## ASSIGNMENT
Repeat nothing but the lines below running from the one containing "of condition (iii)" to the one containing "then obtain j k". Keep both end lines.

(Stored items)
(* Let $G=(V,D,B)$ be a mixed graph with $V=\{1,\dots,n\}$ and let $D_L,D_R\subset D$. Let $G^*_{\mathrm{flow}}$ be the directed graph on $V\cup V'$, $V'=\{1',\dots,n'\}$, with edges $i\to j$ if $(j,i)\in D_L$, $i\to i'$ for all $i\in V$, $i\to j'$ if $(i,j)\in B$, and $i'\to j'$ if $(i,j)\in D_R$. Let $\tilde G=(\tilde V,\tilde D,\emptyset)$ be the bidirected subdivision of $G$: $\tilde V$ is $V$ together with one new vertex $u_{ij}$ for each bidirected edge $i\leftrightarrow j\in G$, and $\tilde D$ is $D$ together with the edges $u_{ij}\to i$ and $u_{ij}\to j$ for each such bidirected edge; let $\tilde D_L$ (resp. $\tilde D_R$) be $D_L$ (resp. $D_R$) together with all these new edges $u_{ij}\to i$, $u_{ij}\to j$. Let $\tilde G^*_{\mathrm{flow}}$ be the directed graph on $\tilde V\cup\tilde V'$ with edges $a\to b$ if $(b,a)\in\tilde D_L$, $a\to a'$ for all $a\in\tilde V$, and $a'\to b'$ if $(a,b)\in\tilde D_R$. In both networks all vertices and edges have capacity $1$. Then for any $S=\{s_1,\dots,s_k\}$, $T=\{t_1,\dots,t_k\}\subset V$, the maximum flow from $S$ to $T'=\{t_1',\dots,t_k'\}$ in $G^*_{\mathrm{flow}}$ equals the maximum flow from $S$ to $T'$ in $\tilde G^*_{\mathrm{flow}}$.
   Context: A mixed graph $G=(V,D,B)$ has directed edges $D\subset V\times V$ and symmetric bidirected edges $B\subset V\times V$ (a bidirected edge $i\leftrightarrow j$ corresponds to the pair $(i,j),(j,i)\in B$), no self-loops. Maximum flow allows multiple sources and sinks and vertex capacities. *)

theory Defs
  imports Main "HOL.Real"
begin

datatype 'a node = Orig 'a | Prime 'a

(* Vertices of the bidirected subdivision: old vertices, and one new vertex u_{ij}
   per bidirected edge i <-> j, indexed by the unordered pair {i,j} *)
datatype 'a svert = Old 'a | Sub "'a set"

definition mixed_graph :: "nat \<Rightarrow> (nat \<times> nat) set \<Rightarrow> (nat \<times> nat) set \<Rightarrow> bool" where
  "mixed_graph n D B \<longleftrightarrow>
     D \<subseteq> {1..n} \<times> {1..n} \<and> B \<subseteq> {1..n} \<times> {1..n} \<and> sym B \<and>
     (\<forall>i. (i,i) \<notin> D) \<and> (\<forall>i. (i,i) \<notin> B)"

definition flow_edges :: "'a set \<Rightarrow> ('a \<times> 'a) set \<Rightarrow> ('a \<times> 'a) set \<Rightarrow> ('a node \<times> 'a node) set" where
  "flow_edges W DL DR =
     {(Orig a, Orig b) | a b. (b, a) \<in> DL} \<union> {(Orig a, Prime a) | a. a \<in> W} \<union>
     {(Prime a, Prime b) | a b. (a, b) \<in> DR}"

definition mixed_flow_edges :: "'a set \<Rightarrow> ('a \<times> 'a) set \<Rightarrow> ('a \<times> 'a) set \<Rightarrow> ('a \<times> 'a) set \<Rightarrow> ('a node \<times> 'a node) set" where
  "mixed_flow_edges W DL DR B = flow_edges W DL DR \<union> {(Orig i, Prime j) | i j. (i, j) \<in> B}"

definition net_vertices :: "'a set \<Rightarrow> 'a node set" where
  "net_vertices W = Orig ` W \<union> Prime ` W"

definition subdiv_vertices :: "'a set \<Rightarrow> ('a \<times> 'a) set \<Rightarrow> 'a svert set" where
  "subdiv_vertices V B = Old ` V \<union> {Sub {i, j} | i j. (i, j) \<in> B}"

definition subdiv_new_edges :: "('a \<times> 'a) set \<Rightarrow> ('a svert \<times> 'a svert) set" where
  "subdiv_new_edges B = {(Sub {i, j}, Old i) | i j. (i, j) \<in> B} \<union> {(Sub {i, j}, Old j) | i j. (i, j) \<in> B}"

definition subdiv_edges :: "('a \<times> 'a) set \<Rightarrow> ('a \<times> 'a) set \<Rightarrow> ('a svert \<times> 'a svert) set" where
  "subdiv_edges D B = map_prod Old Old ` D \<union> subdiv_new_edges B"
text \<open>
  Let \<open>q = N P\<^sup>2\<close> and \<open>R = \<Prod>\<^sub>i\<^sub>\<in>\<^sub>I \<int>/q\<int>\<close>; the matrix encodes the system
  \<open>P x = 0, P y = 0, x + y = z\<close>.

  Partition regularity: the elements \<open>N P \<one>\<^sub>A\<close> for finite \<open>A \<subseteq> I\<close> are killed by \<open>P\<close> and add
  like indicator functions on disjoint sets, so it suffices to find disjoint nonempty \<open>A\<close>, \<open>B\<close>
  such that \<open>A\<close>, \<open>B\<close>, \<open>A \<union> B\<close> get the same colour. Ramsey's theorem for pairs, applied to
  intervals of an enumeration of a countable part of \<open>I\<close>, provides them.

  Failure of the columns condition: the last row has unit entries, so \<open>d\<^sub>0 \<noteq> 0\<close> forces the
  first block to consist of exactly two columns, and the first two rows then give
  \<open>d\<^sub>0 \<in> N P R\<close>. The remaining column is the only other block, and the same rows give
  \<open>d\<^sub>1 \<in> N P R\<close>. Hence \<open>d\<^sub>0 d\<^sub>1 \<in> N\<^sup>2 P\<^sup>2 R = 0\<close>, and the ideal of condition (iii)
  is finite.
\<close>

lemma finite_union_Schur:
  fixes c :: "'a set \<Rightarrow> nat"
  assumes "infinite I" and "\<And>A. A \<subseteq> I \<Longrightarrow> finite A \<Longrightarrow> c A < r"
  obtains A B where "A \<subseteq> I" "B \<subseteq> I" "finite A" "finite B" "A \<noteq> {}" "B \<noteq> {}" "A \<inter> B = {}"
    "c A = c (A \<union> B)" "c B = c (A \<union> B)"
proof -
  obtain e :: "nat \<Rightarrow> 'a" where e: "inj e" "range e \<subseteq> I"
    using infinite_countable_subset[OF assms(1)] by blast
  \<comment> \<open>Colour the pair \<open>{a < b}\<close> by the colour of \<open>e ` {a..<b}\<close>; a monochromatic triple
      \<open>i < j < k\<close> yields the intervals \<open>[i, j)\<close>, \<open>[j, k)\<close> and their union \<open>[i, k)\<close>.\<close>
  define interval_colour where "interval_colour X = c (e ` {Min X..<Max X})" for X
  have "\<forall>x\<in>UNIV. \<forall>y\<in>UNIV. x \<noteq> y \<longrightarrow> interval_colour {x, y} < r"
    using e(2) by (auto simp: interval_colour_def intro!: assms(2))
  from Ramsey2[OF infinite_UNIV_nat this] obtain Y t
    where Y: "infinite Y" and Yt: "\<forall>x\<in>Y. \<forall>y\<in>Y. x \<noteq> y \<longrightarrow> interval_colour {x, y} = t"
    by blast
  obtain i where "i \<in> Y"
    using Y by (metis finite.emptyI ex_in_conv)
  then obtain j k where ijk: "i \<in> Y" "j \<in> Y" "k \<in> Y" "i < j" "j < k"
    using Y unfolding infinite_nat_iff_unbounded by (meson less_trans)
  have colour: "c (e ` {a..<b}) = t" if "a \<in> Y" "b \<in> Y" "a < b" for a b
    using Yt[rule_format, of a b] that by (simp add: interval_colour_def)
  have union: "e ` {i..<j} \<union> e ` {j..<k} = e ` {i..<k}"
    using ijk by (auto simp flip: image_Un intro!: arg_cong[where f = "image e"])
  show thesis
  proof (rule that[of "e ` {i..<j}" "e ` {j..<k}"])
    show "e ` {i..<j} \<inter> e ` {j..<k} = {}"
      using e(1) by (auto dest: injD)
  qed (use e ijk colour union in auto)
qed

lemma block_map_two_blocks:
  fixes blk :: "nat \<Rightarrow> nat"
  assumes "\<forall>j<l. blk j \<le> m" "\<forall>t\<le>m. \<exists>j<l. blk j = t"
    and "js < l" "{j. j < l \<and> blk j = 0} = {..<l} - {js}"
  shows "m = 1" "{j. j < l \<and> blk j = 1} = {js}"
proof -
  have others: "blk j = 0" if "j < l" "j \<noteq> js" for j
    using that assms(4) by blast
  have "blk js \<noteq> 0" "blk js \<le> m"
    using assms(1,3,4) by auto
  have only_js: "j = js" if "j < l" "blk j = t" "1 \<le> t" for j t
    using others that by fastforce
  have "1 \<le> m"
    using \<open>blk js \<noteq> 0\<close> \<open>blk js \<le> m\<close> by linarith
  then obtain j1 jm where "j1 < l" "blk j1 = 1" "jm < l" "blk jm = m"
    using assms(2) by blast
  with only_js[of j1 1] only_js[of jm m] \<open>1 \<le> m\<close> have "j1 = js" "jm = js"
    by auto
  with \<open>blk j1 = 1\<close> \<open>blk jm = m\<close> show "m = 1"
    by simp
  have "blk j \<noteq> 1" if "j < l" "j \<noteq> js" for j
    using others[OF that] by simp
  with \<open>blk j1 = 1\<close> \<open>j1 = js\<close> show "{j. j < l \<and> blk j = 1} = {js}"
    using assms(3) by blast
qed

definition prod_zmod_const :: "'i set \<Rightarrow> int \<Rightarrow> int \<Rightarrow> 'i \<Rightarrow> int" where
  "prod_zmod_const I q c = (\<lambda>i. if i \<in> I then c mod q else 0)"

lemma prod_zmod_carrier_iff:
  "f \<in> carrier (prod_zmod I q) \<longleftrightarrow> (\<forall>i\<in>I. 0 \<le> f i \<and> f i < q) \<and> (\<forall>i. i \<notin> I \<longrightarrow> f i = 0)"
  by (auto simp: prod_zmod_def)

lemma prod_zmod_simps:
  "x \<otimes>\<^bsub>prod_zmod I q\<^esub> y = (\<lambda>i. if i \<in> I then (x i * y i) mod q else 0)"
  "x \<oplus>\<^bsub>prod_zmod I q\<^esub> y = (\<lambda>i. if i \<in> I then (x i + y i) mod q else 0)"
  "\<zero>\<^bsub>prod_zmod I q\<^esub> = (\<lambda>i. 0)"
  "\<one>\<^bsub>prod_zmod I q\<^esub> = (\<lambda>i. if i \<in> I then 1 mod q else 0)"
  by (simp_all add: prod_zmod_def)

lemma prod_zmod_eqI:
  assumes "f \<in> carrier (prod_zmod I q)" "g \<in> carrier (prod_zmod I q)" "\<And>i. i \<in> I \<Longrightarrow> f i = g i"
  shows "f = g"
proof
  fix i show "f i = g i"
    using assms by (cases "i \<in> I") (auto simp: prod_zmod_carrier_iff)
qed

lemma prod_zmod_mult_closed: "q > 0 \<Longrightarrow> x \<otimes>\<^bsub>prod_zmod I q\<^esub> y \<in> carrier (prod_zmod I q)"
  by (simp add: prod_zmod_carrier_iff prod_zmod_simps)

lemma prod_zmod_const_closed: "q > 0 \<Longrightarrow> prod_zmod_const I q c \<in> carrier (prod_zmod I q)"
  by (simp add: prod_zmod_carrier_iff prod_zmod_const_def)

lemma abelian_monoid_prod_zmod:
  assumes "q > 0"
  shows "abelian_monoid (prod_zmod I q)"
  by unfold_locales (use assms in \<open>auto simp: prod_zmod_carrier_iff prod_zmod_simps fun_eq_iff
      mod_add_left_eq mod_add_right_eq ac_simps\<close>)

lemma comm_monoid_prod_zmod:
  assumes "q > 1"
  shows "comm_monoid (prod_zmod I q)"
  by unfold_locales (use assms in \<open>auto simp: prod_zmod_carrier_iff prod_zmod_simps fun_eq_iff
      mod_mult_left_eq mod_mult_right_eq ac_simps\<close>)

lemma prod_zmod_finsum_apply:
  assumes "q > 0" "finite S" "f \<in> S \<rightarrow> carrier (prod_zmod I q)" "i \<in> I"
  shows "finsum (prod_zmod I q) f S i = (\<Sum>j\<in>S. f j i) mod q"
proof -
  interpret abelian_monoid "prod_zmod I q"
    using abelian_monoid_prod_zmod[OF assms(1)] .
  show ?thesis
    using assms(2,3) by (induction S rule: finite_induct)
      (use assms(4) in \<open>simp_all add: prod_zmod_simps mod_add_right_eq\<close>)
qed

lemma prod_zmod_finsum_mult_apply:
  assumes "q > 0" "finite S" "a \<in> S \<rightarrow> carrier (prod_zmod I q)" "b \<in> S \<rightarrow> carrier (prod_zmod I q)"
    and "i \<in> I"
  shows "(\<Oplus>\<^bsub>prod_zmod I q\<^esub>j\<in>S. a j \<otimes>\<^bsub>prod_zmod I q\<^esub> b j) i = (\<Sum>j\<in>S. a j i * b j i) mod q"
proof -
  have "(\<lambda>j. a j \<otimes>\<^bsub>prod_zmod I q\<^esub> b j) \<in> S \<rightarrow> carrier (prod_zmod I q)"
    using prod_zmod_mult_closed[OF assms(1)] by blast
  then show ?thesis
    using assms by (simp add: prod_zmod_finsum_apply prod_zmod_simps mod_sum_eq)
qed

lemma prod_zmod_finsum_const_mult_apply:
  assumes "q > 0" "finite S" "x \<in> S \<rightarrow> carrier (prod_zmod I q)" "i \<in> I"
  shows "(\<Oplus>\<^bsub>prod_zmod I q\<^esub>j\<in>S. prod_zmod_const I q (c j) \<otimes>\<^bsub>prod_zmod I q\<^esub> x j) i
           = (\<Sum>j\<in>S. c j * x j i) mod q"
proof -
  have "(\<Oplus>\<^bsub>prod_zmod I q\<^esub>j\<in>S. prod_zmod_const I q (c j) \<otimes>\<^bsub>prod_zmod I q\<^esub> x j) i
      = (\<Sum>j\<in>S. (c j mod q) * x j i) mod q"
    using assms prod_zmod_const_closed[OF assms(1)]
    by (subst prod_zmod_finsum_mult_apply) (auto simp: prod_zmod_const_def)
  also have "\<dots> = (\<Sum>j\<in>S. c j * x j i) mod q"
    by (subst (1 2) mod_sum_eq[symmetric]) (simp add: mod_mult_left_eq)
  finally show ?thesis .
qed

## RESULT FOR THIS EXERCISE
  \<open>d\<^sub>1 \<in> N P R\<close>. Hence \<open>d\<^sub>0 d\<^sub>1 \<in> N\<^sup>2 P\<^sup>2 R = 0\<close>, and the ideal of condition (iii)
  is finite.
\<close>

lemma finite_union_Schur:
  fixes c :: "'a set \<Rightarrow> nat"
  assumes "infinite I" and "\<And>A. A \<subseteq> I \<Longrightarrow> finite A \<Longrightarrow> c A < r"
  obtains A B where "A \<subseteq> I" "B \<subseteq> I" "finite A" "finite B" "A \<noteq> {}" "B \<noteq> {}" "A \<inter> B = {}"
    "c A = c (A \<union> B)" "c B = c (A \<union> B)"
proof -
  obtain e :: "nat \<Rightarrow> 'a" where e: "inj e" "range e \<subseteq> I"
    using infinite_countable_subset[OF assms(1)] by blast
  \<comment> \<open>Colour the pair \<open>{a < b}\<close> by the colour of \<open>e ` {a..<b}\<close>; a monochromatic triple
      \<open>i < j < k\<close> yields the intervals \<open>[i, j)\<close>, \<open>[j, k)\<close> and their union \<open>[i, k)\<close>.\<close>
  define interval_colour where "interval_colour X = c (e ` {Min X..<Max X})" for X
  have "\<forall>x\<in>UNIV. \<forall>y\<in>UNIV. x \<noteq> y \<longrightarrow> interval_colour {x, y} < r"
    using e(2) by (auto simp: interval_colour_def intro!: assms(2))
  from Ramsey2[OF infinite_UNIV_nat this] obtain Y t
    where Y: "infinite Y" and Yt: "\<forall>x\<in>Y. \<forall>y\<in>Y. x \<noteq> y \<longrightarrow> interval_colour {x, y} = t"
    by blast
  obtain i where "i \<in> Y"
    using Y by (metis finite.emptyI ex_in_conv)
  then obtain j k where ijk: "i \<in> Y" "j \<in> Y" "k \<in> Y" "i < j" "j < k"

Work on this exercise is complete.